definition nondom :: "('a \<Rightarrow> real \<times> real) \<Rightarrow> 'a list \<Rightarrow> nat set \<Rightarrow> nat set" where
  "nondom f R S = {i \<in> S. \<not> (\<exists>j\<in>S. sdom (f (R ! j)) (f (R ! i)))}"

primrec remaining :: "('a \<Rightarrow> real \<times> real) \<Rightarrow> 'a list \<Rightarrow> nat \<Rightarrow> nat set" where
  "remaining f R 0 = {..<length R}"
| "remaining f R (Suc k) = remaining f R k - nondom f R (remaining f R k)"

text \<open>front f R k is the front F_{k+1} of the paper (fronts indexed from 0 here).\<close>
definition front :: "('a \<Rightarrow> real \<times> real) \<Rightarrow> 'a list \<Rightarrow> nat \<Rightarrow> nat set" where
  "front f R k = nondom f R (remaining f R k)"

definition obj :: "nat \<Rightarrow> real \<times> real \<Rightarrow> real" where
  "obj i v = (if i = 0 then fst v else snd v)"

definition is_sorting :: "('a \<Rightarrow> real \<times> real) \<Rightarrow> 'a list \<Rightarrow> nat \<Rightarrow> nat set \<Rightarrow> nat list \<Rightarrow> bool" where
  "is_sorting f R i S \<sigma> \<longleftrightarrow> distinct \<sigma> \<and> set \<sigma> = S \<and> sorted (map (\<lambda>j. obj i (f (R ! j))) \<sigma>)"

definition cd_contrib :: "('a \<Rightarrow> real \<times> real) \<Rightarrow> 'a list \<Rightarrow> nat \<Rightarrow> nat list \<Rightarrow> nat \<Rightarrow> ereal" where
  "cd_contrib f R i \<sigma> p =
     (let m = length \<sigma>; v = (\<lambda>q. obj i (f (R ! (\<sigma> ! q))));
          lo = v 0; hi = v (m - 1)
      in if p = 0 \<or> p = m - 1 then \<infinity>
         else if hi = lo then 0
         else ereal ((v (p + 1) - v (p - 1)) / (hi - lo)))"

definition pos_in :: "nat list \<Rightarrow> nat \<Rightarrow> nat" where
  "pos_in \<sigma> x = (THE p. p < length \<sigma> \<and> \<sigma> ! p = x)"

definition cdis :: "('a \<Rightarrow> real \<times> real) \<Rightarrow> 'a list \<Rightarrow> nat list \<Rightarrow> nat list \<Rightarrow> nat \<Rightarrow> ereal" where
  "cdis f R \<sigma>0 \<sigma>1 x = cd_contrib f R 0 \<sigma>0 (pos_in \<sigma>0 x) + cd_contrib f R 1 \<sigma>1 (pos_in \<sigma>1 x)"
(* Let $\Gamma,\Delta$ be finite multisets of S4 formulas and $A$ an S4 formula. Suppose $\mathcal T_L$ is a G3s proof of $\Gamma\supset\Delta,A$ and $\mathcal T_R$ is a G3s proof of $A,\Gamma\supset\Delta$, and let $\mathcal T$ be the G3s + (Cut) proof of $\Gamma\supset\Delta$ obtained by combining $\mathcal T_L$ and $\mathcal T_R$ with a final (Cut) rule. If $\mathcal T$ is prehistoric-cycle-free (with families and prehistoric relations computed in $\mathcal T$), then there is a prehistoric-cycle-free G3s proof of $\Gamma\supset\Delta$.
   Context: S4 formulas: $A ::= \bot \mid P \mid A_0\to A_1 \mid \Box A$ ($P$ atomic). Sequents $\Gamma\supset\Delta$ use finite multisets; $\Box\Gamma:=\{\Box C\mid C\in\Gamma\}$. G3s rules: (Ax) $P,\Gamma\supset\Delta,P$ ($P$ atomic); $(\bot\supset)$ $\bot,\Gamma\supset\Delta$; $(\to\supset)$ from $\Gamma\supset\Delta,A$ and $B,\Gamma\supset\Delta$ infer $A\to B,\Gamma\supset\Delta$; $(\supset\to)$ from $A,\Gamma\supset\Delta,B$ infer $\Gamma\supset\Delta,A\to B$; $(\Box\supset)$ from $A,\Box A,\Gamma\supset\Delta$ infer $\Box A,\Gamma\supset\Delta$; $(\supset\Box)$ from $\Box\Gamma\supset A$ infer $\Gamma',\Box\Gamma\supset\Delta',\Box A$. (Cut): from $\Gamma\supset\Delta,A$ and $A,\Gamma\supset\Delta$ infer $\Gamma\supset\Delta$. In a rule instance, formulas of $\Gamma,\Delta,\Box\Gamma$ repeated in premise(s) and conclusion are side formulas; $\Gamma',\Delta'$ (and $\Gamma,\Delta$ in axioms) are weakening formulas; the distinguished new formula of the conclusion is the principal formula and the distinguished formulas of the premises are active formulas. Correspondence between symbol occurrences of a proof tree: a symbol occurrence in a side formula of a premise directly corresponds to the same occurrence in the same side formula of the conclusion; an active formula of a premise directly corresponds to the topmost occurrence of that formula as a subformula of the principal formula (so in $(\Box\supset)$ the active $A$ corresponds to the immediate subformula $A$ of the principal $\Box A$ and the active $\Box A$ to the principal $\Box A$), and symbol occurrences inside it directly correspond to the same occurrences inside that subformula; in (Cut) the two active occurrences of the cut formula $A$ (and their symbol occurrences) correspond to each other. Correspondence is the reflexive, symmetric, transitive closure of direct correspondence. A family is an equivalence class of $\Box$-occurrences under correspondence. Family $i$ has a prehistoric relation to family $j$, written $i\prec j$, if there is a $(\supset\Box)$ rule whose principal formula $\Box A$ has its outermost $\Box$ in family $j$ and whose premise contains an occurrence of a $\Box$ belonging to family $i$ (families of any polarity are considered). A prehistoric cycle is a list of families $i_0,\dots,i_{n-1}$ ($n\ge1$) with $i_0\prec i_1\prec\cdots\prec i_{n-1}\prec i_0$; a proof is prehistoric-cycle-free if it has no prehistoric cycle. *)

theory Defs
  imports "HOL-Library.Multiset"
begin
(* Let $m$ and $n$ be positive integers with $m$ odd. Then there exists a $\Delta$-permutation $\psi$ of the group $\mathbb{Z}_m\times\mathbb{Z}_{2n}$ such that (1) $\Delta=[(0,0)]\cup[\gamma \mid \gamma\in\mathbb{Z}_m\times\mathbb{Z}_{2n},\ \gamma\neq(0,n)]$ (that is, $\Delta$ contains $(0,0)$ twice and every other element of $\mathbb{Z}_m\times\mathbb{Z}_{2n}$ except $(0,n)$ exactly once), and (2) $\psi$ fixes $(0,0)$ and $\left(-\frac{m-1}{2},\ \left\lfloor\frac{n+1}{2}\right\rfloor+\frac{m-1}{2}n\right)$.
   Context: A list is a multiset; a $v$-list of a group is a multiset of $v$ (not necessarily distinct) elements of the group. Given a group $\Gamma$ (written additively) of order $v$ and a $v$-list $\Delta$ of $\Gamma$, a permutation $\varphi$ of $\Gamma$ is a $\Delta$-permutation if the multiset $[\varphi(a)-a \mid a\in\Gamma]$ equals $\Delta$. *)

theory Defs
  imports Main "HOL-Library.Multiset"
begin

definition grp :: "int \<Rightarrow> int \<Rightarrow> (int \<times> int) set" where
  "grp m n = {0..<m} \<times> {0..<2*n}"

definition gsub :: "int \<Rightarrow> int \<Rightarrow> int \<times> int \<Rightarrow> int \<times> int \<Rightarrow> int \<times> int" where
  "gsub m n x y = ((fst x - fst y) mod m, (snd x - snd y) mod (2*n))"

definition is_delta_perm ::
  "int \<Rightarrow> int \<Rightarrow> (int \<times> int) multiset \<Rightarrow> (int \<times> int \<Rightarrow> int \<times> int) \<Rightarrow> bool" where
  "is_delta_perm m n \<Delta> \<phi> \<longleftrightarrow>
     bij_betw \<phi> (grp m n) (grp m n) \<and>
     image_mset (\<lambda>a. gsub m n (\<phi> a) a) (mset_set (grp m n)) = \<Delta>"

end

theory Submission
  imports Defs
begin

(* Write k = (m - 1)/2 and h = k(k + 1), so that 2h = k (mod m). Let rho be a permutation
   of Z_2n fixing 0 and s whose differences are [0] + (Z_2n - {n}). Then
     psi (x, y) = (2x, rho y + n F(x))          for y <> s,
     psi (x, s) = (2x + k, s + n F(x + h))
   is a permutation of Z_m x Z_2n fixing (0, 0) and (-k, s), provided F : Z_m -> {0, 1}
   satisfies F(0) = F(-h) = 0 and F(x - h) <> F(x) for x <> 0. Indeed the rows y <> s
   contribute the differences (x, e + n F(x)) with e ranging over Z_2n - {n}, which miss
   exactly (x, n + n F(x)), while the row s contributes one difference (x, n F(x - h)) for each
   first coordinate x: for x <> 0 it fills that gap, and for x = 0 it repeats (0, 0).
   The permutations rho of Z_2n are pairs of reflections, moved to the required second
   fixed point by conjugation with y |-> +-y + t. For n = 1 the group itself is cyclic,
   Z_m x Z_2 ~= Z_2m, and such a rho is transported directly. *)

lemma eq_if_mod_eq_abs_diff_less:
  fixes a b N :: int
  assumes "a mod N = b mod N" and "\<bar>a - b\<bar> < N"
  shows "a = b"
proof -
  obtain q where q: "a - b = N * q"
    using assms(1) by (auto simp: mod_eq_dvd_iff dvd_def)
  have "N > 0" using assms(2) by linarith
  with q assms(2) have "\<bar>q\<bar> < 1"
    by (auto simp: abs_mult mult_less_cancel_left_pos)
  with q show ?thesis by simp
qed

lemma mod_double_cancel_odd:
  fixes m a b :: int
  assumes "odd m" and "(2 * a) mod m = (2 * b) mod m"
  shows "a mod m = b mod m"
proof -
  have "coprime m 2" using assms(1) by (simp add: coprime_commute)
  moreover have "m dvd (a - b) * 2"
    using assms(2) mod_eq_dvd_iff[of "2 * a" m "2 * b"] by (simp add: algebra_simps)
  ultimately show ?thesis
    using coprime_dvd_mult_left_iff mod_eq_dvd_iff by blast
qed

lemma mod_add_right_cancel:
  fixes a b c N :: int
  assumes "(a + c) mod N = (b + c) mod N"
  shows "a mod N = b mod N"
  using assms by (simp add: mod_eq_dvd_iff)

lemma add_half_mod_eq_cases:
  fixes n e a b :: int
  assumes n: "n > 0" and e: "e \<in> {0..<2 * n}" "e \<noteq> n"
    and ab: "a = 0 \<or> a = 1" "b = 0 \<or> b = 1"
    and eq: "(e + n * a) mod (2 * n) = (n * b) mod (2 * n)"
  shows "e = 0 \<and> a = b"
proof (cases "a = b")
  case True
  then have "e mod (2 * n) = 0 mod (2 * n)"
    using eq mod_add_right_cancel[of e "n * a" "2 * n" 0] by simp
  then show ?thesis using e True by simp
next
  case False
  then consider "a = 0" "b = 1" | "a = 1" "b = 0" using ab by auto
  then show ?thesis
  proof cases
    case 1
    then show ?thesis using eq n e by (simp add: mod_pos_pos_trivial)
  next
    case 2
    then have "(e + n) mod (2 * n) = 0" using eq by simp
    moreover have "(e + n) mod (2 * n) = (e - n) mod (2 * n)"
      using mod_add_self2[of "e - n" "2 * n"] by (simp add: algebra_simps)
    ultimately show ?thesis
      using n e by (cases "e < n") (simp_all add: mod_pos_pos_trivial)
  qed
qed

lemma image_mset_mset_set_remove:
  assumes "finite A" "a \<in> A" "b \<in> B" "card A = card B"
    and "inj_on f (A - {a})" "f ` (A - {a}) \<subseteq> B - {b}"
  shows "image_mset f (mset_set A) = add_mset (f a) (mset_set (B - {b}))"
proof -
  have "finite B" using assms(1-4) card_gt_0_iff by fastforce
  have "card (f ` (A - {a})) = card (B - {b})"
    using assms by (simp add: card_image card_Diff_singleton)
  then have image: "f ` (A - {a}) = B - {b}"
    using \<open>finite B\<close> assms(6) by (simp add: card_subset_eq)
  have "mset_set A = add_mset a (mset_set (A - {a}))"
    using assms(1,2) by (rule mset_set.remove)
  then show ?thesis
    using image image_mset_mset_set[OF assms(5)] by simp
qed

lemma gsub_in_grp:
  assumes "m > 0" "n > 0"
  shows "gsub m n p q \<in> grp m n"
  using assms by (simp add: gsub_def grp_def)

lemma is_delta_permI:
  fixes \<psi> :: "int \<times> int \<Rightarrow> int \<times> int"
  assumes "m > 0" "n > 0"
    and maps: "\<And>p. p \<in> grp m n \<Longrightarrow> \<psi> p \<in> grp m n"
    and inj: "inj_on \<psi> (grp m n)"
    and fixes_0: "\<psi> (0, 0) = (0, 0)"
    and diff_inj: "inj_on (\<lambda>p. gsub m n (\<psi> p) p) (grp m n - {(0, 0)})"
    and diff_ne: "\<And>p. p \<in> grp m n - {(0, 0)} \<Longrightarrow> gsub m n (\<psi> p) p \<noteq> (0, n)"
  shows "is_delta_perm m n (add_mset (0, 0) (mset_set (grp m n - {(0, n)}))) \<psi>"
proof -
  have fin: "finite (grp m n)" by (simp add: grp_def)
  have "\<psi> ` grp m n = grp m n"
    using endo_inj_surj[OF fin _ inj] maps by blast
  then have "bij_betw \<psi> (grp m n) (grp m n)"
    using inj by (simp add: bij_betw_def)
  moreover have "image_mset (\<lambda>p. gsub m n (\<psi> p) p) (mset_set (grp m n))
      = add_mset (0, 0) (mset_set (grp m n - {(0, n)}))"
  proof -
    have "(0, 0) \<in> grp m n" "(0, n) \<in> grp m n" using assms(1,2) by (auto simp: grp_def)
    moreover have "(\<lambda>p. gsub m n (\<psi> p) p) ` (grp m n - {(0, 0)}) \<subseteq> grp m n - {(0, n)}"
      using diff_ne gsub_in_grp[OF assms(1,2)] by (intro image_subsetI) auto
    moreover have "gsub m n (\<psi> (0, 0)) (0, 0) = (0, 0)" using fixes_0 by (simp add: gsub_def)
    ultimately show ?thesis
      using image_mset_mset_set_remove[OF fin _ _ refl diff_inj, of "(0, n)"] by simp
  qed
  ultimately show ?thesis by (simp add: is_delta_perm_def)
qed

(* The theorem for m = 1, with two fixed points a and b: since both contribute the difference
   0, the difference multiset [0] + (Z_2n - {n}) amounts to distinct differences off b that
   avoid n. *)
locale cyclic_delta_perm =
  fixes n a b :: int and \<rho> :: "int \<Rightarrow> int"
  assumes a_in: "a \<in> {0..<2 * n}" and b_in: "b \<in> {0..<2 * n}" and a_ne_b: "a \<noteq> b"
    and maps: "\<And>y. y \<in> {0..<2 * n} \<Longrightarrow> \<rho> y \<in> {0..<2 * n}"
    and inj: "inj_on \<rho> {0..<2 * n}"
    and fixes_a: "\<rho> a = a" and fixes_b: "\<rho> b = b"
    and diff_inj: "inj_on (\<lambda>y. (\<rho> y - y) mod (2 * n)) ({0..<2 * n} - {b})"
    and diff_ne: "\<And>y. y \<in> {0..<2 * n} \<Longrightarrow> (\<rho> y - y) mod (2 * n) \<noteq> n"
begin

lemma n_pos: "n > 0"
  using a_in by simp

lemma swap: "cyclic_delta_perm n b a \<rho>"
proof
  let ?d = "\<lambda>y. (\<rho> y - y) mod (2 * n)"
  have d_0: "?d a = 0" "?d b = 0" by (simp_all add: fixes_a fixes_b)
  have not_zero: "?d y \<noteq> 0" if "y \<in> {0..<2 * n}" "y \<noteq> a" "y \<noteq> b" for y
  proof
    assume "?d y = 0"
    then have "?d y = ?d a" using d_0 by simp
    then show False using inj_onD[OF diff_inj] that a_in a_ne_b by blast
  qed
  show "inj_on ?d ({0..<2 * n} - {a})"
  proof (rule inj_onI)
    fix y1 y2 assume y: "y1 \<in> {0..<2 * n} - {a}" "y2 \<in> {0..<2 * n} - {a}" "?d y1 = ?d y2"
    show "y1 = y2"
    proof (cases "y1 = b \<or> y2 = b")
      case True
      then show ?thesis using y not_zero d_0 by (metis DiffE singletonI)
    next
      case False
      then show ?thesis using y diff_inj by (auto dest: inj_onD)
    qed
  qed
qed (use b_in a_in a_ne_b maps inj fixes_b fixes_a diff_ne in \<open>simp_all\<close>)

- - - - -

## REQUIRED ACTION
Give the lines of the material above again, exactly, from its first line through the line that contains "else if hi = lo then 0" and no further.

## YOUR SOLUTION
definition nondom :: "('a \<Rightarrow> real \<times> real) \<Rightarrow> 'a list \<Rightarrow> nat set \<Rightarrow> nat set" where
  "nondom f R S = {i \<in> S. \<not> (\<exists>j\<in>S. sdom (f (R ! j)) (f (R ! i)))}"

primrec remaining :: "('a \<Rightarrow> real \<times> real) \<Rightarrow> 'a list \<Rightarrow> nat \<Rightarrow> nat set" where
  "remaining f R 0 = {..<length R}"
| "remaining f R (Suc k) = remaining f R k - nondom f R (remaining f R k)"

text \<open>front f R k is the front F_{k+1} of the paper (fronts indexed from 0 here).\<close>
definition front :: "('a \<Rightarrow> real \<times> real) \<Rightarrow> 'a list \<Rightarrow> nat \<Rightarrow> nat set" where
  "front f R k = nondom f R (remaining f R k)"

definition obj :: "nat \<Rightarrow> real \<times> real \<Rightarrow> real" where
  "obj i v = (if i = 0 then fst v else snd v)"

definition is_sorting :: "('a \<Rightarrow> real \<times> real) \<Rightarrow> 'a list \<Rightarrow> nat \<Rightarrow> nat set \<Rightarrow> nat list \<Rightarrow> bool" where
  "is_sorting f R i S \<sigma> \<longleftrightarrow> distinct \<sigma> \<and> set \<sigma> = S \<and> sorted (map (\<lambda>j. obj i (f (R ! j))) \<sigma>)"

definition cd_contrib :: "('a \<Rightarrow> real \<times> real) \<Rightarrow> 'a list \<Rightarrow> nat \<Rightarrow> nat list \<Rightarrow> nat \<Rightarrow> ereal" where
  "cd_contrib f R i \<sigma> p =
     (let m = length \<sigma>; v = (\<lambda>q. obj i (f (R ! (\<sigma> ! q))));
          lo = v 0; hi = v (m - 1)
      in if p = 0 \<or> p = m - 1 then \<infinity>
         else if hi = lo then 0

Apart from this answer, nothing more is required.